#### MATERIAL FOR THIS EXERCISE
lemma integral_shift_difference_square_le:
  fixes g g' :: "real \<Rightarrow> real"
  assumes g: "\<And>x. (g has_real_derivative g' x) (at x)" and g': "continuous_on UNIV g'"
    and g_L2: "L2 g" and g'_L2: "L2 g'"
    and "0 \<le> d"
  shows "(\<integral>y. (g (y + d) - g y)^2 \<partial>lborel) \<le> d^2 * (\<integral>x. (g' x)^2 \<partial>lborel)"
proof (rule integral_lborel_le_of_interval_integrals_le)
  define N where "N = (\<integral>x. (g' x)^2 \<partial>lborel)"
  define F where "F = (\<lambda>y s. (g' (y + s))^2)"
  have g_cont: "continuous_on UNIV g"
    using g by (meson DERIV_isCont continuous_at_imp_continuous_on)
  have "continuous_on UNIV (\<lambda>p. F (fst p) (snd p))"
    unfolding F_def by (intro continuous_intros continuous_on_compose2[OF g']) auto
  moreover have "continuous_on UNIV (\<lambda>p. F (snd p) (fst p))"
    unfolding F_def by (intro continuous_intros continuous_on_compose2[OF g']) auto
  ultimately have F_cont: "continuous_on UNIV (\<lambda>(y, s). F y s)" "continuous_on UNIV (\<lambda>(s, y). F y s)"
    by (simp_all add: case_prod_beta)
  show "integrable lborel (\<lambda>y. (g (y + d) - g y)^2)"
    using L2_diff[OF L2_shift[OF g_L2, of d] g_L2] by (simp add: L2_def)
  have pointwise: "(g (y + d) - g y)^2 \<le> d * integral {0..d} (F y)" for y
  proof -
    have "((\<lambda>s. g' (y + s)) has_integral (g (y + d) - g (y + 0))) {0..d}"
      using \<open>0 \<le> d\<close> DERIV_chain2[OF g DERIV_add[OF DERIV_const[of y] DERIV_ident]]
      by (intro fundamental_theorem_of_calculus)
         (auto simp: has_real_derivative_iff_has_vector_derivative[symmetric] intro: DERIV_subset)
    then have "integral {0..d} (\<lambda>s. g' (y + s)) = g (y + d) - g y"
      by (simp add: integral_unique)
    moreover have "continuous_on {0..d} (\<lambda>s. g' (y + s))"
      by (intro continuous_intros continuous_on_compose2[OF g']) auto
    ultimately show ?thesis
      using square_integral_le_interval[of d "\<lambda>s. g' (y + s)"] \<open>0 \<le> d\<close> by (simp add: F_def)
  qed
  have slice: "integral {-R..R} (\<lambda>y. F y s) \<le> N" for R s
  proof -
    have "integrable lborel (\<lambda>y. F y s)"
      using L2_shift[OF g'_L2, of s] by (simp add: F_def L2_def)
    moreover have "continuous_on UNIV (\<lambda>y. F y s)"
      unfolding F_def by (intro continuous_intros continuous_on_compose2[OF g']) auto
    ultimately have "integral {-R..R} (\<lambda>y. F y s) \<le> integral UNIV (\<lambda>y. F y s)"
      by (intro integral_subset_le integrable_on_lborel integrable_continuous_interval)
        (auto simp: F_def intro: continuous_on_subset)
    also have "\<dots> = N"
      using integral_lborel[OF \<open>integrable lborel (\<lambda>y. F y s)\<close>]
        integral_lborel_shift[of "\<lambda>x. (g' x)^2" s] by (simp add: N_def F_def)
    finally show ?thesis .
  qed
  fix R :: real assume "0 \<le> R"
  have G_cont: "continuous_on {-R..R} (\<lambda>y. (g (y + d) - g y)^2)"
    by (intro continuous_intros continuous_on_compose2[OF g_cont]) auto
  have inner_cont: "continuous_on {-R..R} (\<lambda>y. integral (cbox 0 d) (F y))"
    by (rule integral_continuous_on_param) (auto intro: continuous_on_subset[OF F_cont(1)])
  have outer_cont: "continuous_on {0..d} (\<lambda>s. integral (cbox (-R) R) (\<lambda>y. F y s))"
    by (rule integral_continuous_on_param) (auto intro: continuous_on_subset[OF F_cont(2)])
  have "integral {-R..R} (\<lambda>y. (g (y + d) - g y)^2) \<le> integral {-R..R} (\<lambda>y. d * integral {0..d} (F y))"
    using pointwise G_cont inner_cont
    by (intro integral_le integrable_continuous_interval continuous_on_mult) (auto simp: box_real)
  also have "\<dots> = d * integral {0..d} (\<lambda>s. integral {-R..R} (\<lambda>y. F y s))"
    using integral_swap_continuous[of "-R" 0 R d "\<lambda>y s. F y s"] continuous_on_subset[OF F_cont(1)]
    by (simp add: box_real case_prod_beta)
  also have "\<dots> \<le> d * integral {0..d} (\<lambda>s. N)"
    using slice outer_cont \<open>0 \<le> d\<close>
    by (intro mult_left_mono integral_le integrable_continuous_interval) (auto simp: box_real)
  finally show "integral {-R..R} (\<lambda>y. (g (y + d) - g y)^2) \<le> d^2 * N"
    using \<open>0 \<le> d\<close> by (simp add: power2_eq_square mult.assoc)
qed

#### EXERCISE OBJECTIVE
From the line that contains "y)^2) \<le> d^2" through the last line of the listing, every line is to be restated word for word, both ends included.

#### RESPONSE TO THE EXERCISE
  finally show "integral {-R..R} (\<lambda>y. (g (y + d) - g y)^2) \<le> d^2 * N"
    using \<open>0 \<le> d\<close> by (simp add: power2_eq_square mult.assoc)
qed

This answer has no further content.